А главное, она избегала двора, справедливо полагая, что ее дело будет извлечено из папки, где оно дожидалось своей очереди, не ранее чем лет через пять. Даже в наше время бывают долгие процессы. Однако каждый, кто затевает тяжбу, может надеяться увидеть ее конец, прежде чем доживет до возраста библейского патриарха. А в то время процессы растягивались на два или три поколения и, как сказочное растение из «Тысячи и одной ночи», могли расцвести только через двести или даже триста лет.

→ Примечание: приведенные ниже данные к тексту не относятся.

lemma zero_bdry_reflection_difference_small_near:
  assumes "zero_bdry R \<phi>" "norm e = 1" "ereal (norm z) = R" "0 < \<eta>"
  obtains d where "0 < d"
    "\<And>x. x \<in> punct R \<Longrightarrow> dist x z < d \<Longrightarrow> \<bar>\<phi> x - \<phi> (reflect e x)\<bar> < \<eta>"
proof -
  have "0 < \<eta> / 2" "ereal (norm (reflect e z)) = R"
    using assms by (simp_all add: norm_reflect)
  then obtain d1 d2 where "0 < d1" "\<And>x. x \<in> punct R \<Longrightarrow> dist x z < d1 \<Longrightarrow> \<bar>\<phi> x\<bar> < \<eta> / 2"
    and "0 < d2" "\<And>x. x \<in> punct R \<Longrightarrow> dist x (reflect e z) < d2 \<Longrightarrow> \<bar>\<phi> x\<bar> < \<eta> / 2"
    using zero_bdry_small_near[OF assms(1)] assms(3) by metis
  moreover have "dist (reflect e x) (reflect e z) = dist x z" for x
    using assms(2) by (rule dist_reflect)
  ultimately show ?thesis
    using that[of "min d1 d2"] reflect_in_punct[OF assms(2)] by fastforce
qed

lemma inX_reflection_difference_bounds:
  fixes \<phi> :: "'a::euclidean_space \<Rightarrow> real"
  assumes e: "norm e = 1" and \<sigma>: "0 < \<sigma>" and C2: "C2_on (punct R) \<phi>" and X: "inX \<sigma> R \<phi>"
  obtains K where "0 \<le> K"
    "\<And>x. x \<in> punct R \<Longrightarrow> \<bar>\<phi> x - \<phi> (reflect e x)\<bar> \<le> K * norm x powr (-\<sigma>)"
    "\<And>x. x \<in> punct R \<Longrightarrow> 0 < x \<bullet> e \<Longrightarrow>
      \<bar>\<phi> x - \<phi> (reflect e x)\<bar> \<le> K * (x \<bullet> e) * norm x powr (-\<sigma> - 1)"
proof -
  obtain C where C: "0 \<le> C" "\<And>x. x \<in> punct R \<Longrightarrow> \<bar>\<phi> x\<bar> \<le> C * norm x powr (-\<sigma>)"
    "\<And>x. x \<in> punct R \<Longrightarrow> norm (grad \<phi> x) \<le> C * norm x powr (-\<sigma> - 1)"
    using inX_decay_bounds[OF X] by metis
  define K where "K = (4 + 2 * 2 powr (\<sigma> + 1)) * C"
  have far: "\<bar>\<phi> x - \<phi> (reflect e x)\<bar> \<le> 2 * C * norm x powr (-\<sigma>)" if "x \<in> punct R" for x
    using C(2)[OF that] C(2)[OF reflect_in_punct[OF e that]] abs_triangle_ineq4[of "\<phi> x"]
    by (simp add: norm_reflect[OF e])
  have "2 * C \<le> K"
    unfolding K_def using C(1) powr_ge_zero[of 2 "\<sigma> + 1"] by (intro mult_right_mono) auto
  then have "2 * C * norm x powr (-\<sigma>) \<le> K * norm x powr (-\<sigma>)" for x :: 'a
    by (intro mult_right_mono) auto
  show ?thesis
  proof (rule that[of K])
    show "0 \<le> K"
      using \<open>2 * C \<le> K\<close> C(1) by linarith
    show "\<bar>\<phi> x - \<phi> (reflect e x)\<bar> \<le> K * norm x powr (-\<sigma>)" if "x \<in> punct R" for x
      using far[OF that] \<open>2 * C * norm x powr (-\<sigma>) \<le> K * norm x powr (-\<sigma>)\<close> by linarith
    show "\<bar>\<phi> x - \<phi> (reflect e x)\<bar> \<le> K * (x \<bullet> e) * norm x powr (-\<sigma> - 1)"
      if "x \<in> punct R" "0 < x \<bullet> e" for x
      using reflection_difference_bound[OF e \<sigma> C C2_on_differentiable(1)[OF C2] that]
      by (simp add: K_def)
  qed
qed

Госпоже де Беарн не хотелось истратить остатки своего родового достояния, пытаясь получить обратно десять двенадцатых спорных земель; как мы уже сказали, она была дамой старой закалки, то есть проницательной, осторожной, энергичной и скупой.
Вне всякого сомнения, она смогла бы лучше любого прокурора, адвоката и судебного исполнителя вести тяжбу, вызывать в суд, защищаться, приводить решение в исполнение. Но она была де Беарн, и это имя во многом служило ей препятствием. Из-за него она страдала и томилась, подобно Ахиллу, укрывавшемуся в своей палатке и терзавшемуся при звуках боевого рожка, делая вид, что не слышит его; нацепив на нос очки, графиня де Беарн весь день напролет просиживала над старыми грамотами, а по ночам, завернувшись в халат из персидского шелка и расхаживая с распустившимися седыми волосами, произносила речи перед своей подушкой, и отстаивала свое право на спорное наследство с таким красноречием, которого только и могла желать своему адвокату.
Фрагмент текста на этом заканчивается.